───── Material to process ─────

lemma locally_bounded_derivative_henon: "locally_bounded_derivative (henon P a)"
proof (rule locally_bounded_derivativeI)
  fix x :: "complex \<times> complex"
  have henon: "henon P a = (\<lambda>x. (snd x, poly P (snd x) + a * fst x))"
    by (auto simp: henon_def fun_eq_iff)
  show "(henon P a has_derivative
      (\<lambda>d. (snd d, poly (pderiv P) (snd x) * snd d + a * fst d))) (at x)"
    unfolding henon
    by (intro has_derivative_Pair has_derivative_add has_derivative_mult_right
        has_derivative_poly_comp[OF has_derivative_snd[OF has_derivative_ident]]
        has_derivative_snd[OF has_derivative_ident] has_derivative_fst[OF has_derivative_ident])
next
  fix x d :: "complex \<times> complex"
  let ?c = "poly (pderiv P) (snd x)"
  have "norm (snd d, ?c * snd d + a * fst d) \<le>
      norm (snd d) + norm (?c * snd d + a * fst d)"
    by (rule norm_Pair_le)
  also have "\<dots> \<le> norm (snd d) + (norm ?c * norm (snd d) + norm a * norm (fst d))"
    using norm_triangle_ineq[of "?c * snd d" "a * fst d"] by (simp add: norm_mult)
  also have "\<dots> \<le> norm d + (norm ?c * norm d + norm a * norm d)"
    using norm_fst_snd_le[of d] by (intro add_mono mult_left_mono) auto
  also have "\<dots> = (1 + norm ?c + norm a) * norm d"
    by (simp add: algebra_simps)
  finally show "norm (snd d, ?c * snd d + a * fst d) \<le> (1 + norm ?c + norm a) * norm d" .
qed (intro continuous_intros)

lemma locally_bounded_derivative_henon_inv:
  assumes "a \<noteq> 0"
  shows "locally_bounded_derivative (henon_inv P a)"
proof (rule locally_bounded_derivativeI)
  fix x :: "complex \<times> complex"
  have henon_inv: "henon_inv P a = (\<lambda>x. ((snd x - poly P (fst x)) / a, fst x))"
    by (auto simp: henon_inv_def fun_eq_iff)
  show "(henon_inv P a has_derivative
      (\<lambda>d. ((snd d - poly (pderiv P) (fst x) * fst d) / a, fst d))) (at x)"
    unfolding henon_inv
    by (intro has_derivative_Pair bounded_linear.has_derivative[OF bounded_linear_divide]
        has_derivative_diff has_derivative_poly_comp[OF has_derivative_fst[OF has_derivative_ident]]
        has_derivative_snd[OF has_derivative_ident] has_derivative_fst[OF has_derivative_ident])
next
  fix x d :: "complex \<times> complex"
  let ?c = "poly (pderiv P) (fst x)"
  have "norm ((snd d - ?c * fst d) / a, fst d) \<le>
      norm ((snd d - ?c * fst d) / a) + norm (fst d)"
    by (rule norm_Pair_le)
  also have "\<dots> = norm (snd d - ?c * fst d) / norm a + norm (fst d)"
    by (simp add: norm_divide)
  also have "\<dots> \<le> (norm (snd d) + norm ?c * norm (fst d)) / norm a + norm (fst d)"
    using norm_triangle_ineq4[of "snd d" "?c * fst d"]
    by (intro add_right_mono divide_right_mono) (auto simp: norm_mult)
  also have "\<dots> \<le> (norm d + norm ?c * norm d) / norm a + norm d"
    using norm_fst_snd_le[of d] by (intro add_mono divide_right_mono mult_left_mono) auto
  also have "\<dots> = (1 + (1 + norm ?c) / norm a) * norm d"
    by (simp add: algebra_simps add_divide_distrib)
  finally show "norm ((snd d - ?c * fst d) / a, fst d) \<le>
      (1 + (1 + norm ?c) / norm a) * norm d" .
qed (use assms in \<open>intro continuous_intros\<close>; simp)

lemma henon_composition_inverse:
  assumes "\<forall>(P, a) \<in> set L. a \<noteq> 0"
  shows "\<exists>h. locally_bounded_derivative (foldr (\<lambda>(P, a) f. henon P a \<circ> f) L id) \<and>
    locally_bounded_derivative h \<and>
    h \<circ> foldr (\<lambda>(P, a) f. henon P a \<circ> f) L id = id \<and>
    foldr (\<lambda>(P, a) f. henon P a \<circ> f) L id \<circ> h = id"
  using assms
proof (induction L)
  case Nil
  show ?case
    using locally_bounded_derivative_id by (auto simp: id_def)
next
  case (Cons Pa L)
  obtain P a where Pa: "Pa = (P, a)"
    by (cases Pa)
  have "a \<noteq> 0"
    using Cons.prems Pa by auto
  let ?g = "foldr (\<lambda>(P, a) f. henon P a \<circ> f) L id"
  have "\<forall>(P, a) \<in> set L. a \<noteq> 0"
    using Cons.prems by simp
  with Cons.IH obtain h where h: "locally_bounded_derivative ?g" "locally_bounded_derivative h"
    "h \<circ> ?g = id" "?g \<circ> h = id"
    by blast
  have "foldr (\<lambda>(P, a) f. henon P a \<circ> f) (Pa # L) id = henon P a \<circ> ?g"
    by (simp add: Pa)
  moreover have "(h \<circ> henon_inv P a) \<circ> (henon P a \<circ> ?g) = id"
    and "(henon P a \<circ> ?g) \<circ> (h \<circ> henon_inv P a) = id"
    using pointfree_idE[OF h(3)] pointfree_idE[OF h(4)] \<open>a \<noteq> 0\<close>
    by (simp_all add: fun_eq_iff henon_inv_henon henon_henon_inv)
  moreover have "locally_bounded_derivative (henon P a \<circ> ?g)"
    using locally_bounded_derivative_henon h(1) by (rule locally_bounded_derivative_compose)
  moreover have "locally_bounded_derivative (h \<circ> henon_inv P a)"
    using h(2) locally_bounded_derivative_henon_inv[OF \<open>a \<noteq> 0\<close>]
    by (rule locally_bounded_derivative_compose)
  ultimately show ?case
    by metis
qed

─────
───── Material to process ─────

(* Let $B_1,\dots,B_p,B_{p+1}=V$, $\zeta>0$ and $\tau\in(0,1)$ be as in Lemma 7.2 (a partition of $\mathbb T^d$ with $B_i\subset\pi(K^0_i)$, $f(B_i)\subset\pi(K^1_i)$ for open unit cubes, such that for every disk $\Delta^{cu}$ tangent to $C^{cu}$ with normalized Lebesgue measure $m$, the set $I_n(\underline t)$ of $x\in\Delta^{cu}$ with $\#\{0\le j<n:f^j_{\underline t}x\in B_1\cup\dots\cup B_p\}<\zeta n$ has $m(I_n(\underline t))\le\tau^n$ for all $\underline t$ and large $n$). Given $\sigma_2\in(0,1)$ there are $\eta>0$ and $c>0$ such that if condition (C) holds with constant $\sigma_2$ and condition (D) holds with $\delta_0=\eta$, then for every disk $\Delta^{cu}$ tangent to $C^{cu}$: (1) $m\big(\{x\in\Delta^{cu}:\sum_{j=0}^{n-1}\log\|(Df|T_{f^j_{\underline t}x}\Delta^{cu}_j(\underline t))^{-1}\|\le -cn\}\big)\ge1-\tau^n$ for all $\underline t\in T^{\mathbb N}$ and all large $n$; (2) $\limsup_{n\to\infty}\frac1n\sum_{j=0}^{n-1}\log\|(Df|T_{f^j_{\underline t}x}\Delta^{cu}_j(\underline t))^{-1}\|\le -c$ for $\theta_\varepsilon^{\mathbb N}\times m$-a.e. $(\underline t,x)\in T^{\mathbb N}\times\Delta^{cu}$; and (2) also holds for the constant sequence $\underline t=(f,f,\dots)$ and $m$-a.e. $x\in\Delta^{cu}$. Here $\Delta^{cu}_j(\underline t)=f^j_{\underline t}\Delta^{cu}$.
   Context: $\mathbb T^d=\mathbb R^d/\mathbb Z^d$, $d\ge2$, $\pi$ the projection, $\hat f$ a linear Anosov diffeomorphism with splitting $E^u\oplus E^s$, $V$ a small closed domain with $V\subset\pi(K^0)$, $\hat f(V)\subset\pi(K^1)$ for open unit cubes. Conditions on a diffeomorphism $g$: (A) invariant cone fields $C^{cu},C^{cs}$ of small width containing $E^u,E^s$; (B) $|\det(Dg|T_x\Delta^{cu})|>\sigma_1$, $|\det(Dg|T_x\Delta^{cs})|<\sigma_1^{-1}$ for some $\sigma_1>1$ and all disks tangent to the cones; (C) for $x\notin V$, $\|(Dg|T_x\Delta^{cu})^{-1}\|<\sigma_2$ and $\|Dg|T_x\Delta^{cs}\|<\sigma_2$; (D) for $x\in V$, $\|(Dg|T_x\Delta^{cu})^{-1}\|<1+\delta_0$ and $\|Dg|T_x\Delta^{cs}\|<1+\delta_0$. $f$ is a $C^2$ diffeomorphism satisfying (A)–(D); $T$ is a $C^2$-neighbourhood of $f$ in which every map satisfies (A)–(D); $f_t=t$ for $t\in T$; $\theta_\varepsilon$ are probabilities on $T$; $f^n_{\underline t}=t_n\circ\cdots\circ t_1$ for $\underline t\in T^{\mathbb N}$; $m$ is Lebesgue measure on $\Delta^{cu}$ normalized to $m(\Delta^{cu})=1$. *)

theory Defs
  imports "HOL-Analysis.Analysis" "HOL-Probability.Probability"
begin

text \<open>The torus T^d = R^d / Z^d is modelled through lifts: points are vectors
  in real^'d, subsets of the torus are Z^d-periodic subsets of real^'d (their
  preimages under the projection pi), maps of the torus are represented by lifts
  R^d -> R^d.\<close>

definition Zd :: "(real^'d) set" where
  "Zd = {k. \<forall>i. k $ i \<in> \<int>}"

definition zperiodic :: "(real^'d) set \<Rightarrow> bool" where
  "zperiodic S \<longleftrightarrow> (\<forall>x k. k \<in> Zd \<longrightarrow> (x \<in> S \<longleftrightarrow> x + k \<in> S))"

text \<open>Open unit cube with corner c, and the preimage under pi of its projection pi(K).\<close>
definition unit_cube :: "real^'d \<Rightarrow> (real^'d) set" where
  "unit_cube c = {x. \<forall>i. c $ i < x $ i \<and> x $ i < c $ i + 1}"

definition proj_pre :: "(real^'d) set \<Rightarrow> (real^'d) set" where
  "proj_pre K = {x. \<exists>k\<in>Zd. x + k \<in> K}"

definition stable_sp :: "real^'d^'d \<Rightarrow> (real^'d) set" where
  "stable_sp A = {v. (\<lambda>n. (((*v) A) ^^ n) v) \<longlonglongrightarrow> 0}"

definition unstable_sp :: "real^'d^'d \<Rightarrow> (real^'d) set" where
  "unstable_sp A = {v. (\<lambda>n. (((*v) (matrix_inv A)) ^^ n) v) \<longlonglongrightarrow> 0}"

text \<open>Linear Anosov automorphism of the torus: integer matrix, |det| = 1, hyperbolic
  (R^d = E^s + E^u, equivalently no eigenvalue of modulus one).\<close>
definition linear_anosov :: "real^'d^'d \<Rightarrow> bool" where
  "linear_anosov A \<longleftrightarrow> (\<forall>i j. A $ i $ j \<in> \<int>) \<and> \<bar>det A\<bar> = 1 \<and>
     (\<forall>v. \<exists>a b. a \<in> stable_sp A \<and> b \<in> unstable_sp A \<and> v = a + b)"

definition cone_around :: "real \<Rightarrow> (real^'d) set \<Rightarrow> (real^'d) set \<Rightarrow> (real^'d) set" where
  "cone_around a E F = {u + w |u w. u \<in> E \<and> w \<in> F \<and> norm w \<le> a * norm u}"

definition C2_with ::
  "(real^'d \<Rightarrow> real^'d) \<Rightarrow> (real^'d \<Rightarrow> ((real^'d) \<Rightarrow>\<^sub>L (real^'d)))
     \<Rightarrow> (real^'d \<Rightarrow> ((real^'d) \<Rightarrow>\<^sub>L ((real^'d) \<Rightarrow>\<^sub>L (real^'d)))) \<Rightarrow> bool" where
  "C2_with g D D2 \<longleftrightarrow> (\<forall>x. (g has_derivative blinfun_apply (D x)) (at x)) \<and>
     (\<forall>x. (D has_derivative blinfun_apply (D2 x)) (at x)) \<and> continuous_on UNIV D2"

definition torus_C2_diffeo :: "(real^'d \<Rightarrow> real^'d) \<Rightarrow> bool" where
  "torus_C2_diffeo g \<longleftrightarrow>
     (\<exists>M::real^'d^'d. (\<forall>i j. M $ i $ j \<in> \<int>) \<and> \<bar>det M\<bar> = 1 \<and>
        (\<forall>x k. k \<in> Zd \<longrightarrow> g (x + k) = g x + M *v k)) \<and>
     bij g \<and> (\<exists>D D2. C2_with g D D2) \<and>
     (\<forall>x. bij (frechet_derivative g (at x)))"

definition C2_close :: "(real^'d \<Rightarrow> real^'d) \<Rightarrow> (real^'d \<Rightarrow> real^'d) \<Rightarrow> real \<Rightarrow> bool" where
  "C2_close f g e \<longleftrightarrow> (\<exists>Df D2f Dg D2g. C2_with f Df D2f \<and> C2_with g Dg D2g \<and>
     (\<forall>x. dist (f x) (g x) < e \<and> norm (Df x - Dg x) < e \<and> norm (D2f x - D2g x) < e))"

─────
───── Material to process ─────

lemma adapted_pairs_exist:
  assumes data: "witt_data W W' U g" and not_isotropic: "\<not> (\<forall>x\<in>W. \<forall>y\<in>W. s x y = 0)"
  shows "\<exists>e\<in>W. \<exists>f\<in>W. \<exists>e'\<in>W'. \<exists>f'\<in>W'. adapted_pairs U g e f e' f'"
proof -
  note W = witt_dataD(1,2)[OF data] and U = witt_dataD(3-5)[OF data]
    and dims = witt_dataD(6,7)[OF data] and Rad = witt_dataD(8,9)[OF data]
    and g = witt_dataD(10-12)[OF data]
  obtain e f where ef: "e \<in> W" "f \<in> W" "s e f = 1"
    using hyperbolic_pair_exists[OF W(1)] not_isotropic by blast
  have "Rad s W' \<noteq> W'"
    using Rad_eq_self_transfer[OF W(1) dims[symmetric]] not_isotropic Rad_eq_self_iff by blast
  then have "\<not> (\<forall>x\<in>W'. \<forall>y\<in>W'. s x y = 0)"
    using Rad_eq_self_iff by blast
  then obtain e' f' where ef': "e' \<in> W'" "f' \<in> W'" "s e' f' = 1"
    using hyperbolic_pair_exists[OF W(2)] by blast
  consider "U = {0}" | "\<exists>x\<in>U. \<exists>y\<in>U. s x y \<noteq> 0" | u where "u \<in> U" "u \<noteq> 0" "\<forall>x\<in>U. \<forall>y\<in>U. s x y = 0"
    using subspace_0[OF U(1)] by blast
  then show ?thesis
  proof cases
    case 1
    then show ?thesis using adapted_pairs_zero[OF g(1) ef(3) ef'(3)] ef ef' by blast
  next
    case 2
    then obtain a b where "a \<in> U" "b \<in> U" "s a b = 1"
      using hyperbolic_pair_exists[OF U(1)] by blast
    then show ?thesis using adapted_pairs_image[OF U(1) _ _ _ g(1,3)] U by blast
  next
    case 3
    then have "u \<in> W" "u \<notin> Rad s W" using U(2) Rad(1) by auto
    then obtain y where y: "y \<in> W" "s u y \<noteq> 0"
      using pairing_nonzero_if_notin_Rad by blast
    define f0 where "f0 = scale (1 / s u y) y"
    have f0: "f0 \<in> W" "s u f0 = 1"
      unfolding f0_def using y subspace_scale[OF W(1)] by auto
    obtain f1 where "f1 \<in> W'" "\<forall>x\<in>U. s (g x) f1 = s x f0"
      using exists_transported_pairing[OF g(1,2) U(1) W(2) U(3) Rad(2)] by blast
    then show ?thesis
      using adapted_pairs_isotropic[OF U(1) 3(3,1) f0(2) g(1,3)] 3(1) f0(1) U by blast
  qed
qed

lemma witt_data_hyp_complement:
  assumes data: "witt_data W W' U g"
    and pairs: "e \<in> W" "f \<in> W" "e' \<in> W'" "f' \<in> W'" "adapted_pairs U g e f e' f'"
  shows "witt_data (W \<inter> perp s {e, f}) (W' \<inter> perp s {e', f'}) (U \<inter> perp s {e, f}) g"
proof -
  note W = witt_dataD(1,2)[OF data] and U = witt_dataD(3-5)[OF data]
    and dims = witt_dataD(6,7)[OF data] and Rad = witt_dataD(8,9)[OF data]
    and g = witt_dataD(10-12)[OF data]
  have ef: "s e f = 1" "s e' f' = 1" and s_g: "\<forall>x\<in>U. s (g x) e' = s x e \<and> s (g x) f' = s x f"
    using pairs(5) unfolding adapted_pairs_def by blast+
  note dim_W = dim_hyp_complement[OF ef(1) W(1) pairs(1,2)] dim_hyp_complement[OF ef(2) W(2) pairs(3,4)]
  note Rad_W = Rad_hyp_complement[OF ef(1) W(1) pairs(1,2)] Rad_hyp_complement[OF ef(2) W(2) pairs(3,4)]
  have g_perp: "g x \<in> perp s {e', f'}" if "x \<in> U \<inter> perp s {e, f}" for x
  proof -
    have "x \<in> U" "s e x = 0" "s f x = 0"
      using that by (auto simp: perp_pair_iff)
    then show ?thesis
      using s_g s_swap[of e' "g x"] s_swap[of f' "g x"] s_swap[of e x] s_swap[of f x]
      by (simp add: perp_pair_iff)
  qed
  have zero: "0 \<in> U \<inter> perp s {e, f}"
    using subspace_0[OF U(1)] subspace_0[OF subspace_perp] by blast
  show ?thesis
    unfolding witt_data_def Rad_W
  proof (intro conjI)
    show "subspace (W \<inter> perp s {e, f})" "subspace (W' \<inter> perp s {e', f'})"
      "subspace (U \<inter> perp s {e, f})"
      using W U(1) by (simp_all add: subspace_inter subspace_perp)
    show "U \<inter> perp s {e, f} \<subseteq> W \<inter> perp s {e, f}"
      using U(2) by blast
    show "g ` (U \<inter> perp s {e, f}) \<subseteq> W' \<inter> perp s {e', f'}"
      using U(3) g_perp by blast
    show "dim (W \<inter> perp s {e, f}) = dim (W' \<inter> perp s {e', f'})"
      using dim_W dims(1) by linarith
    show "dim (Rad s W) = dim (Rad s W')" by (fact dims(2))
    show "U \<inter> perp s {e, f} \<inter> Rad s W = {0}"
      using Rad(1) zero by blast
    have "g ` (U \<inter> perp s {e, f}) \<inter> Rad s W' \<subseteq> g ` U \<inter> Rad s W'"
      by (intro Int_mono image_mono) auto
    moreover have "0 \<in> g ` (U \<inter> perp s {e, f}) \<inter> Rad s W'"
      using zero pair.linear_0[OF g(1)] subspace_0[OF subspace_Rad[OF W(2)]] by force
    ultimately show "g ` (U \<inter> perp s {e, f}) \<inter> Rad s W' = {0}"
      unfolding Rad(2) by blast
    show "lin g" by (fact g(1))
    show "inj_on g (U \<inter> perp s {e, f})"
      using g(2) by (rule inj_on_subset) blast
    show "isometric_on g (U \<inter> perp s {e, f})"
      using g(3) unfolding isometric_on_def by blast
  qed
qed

─────

Task item:
For this task, write out exactly the lines of the entries above, starting at the line with "then show ?thesis using adapted_pairs_image[OF" and ending at the line with "using pairing_nonzero_if_notin_Rad by", both included, and no others.

Completed task:
    then show ?thesis using adapted_pairs_image[OF U(1) _ _ _ g(1,3)] U by blast
  next
    case 3
    then have "u \<in> W" "u \<notin> Rad s W" using U(2) Rad(1) by auto
    then obtain y where y: "y \<in> W" "s u y \<noteq> 0"
      using pairing_nonzero_if_notin_Rad by blast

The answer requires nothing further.